[Stored data]
==*==

(* Let $m,n,T$ be positive integers with $T\ge 2$, let $\mathbf{G}\in\mathbb{F}_2^{n\times m}$ have $n$ distinct nonzero rows $\mathbf{g}_1,\dots,\mathbf{g}_n$ spanning a subspace of dimension $T$, and let $\mathbf{A}\in\mathbb{F}_2^{T\times m}$ be a matrix whose rows form a basis of the row space of $\mathbf{G}$. Let $1\le k<\lceil T/2\rceil$, put $T_c=\lceil T/(2k-1)\rceil$ and $T_{\text{last}}=T-(2k-1)(T_c-1)$, and define $$T_{\text{ub}}=\begin{cases}2^T & \text{if } k=1,\\ 2(2k+1)^{T_c-1} & \text{if } k\neq 1 \text{ and } T_{\text{last}}=1,\\ (2k+1)^{T_c-1}(T_{\text{last}}+2) & \text{otherwise.}\end{cases}$$ Then there exists a matrix $\mathbf{P}\in\mathbb{F}_2^{T_k\times T}$ with $T_k\le\min\{n,T_{\text{ub}}\}$ such that every $\mathbf{g}_i$ is the sum over $\mathbb{F}_2$ of at most $k$ rows of $\mathbf{P}\mathbf{A}$. Moreover, for $k\neq 1$, $T_{\text{ub}}=2^{O\left(\frac{T}{k}\log k\right)}$.
   Context: Such a $\mathbf{P}$ is called a $k$-limited-access scheme with $T_k$ transmissions for the coding matrix $\mathbf{A}$. Logarithms are base 2. *)

theory Defs
  imports "HOL-Analysis.Analysis" "HOL-Library.Z2"
begin

(* F_2 is the field type bit from HOL-Library.Z2; vectors in F_2^m are bit ^ 'm. *)

definition Tc :: "nat \<Rightarrow> nat \<Rightarrow> nat" where
  "Tc T k = nat \<lceil>real T / real (2*k - 1)\<rceil>"

definition Tlast :: "nat \<Rightarrow> nat \<Rightarrow> nat" where
  "Tlast T k = T - (2*k - 1) * (Tc T k - 1)"

definition Tub :: "nat \<Rightarrow> nat \<Rightarrow> nat" where
  "Tub T k = (if k = 1 then 2 ^ T
              else if Tlast T k = 1 then 2 * (2*k + 1) ^ (Tc T k - 1)
              else (2*k + 1) ^ (Tc T k - 1) * (Tlast T k + 2))"

end

theory Submission
  imports Defs
begin

text \<open>
  Cut the basis indices {..<T} into Tc T k blocks of 2k-1 consecutive indices (the last one has
  Tlast T k indices), and for a block B take the atoms 0, a j (j \<in> B) and \<Sum>j\<in>B. a j. Any
  subset sum over B is a sum of k atoms: a subset W with at most k elements is used directly;
  otherwise B - W has at most k-1 elements and, in characteristic 2, the sum over W is the total
  of B plus the sum over B - W. Choosing one atom per block and adding gives a set R of at most
  \<Prod>(block size + 2) \<le> Tub T k vectors such that every vector of the span is a sum of k
  elements of R, hence (repeated summands cancel in pairs) of a set of at most k elements of R.
  The rows of P are the coordinates of the elements of R, or of the g i themselves when n is
  smaller. The asymptotic bound follows from Tub T k \<le> (2k+1)^Tc \<le> k^(3 Tc).
\<close>

lemma sum_lessThan_as_set_sum_char2:
  fixes r :: "nat \<Rightarrow> 'a::ab_group_add"
  assumes char2: "\<And>x::'a. x + x = 0" and r: "\<forall>t<k. r t \<in> R"
  shows "\<exists>S\<subseteq>R. finite S \<and> card S \<le> k \<and> \<Sum>S = (\<Sum>t<k. r t)"
  using r
proof (induction k)
  case 0
  show ?case by (intro exI[of _ "{}"]) auto
next
  case (Suc k)
  then obtain S where S: "S \<subseteq> R" "finite S" "card S \<le> k" "\<Sum>S = (\<Sum>t<k. r t)" by auto
  show ?case
  proof (cases "r k \<in> S")
    case True
    have "\<Sum>(S - {r k}) = \<Sum>S - r k" using True S(2) by (simp add: sum_diff1)
    also have "\<dots> = \<Sum>S + r k" using char2[of "r k"] by (simp add: neg_eq_iff_add_eq_0)
    finally show ?thesis using S
      by (intro exI[of _ "S - {r k}"]) (auto simp: le_SucI order_trans[OF card_Diff1_le])
  next
    case False
    then show ?thesis using S Suc.prems
      by (intro exI[of _ "insert (r k) S"]) (auto simp: add.commute)
  qed
qed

==*==

§ **Exercise requirements**
The first line of the entries above marks where to begin; repeat each line exactly through the one that contains "(* F_2 is the", and include that line.

§ **Output of the task**
(* Let $m,n,T$ be positive integers with $T\ge 2$, let $\mathbf{G}\in\mathbb{F}_2^{n\times m}$ have $n$ distinct nonzero rows $\mathbf{g}_1,\dots,\mathbf{g}_n$ spanning a subspace of dimension $T$, and let $\mathbf{A}\in\mathbb{F}_2^{T\times m}$ be a matrix whose rows form a basis of the row space of $\mathbf{G}$. Let $1\le k<\lceil T/2\rceil$, put $T_c=\lceil T/(2k-1)\rceil$ and $T_{\text{last}}=T-(2k-1)(T_c-1)$, and define $$T_{\text{ub}}=\begin{cases}2^T & \text{if } k=1,\\ 2(2k+1)^{T_c-1} & \text{if } k\neq 1 \text{ and } T_{\text{last}}=1,\\ (2k+1)^{T_c-1}(T_{\text{last}}+2) & \text{otherwise.}\end{cases}$$ Then there exists a matrix $\mathbf{P}\in\mathbb{F}_2^{T_k\times T}$ with $T_k\le\min\{n,T_{\text{ub}}\}$ such that every $\mathbf{g}_i$ is the sum over $\mathbb{F}_2$ of at most $k$ rows of $\mathbf{P}\mathbf{A}$. Moreover, for $k\neq 1$, $T_{\text{ub}}=2^{O\left(\frac{T}{k}\log k\right)}$.
   Context: Such a $\mathbf{P}$ is called a $k$-limited-access scheme with $T_k$ transmissions for the coding matrix $\mathbf{A}$. Logarithms are base 2. *)

theory Defs
  imports "HOL-Analysis.Analysis" "HOL-Library.Z2"
begin

(* F_2 is the field type bit from HOL-Library.Z2; vectors in F_2^m are bit ^ 'm. *)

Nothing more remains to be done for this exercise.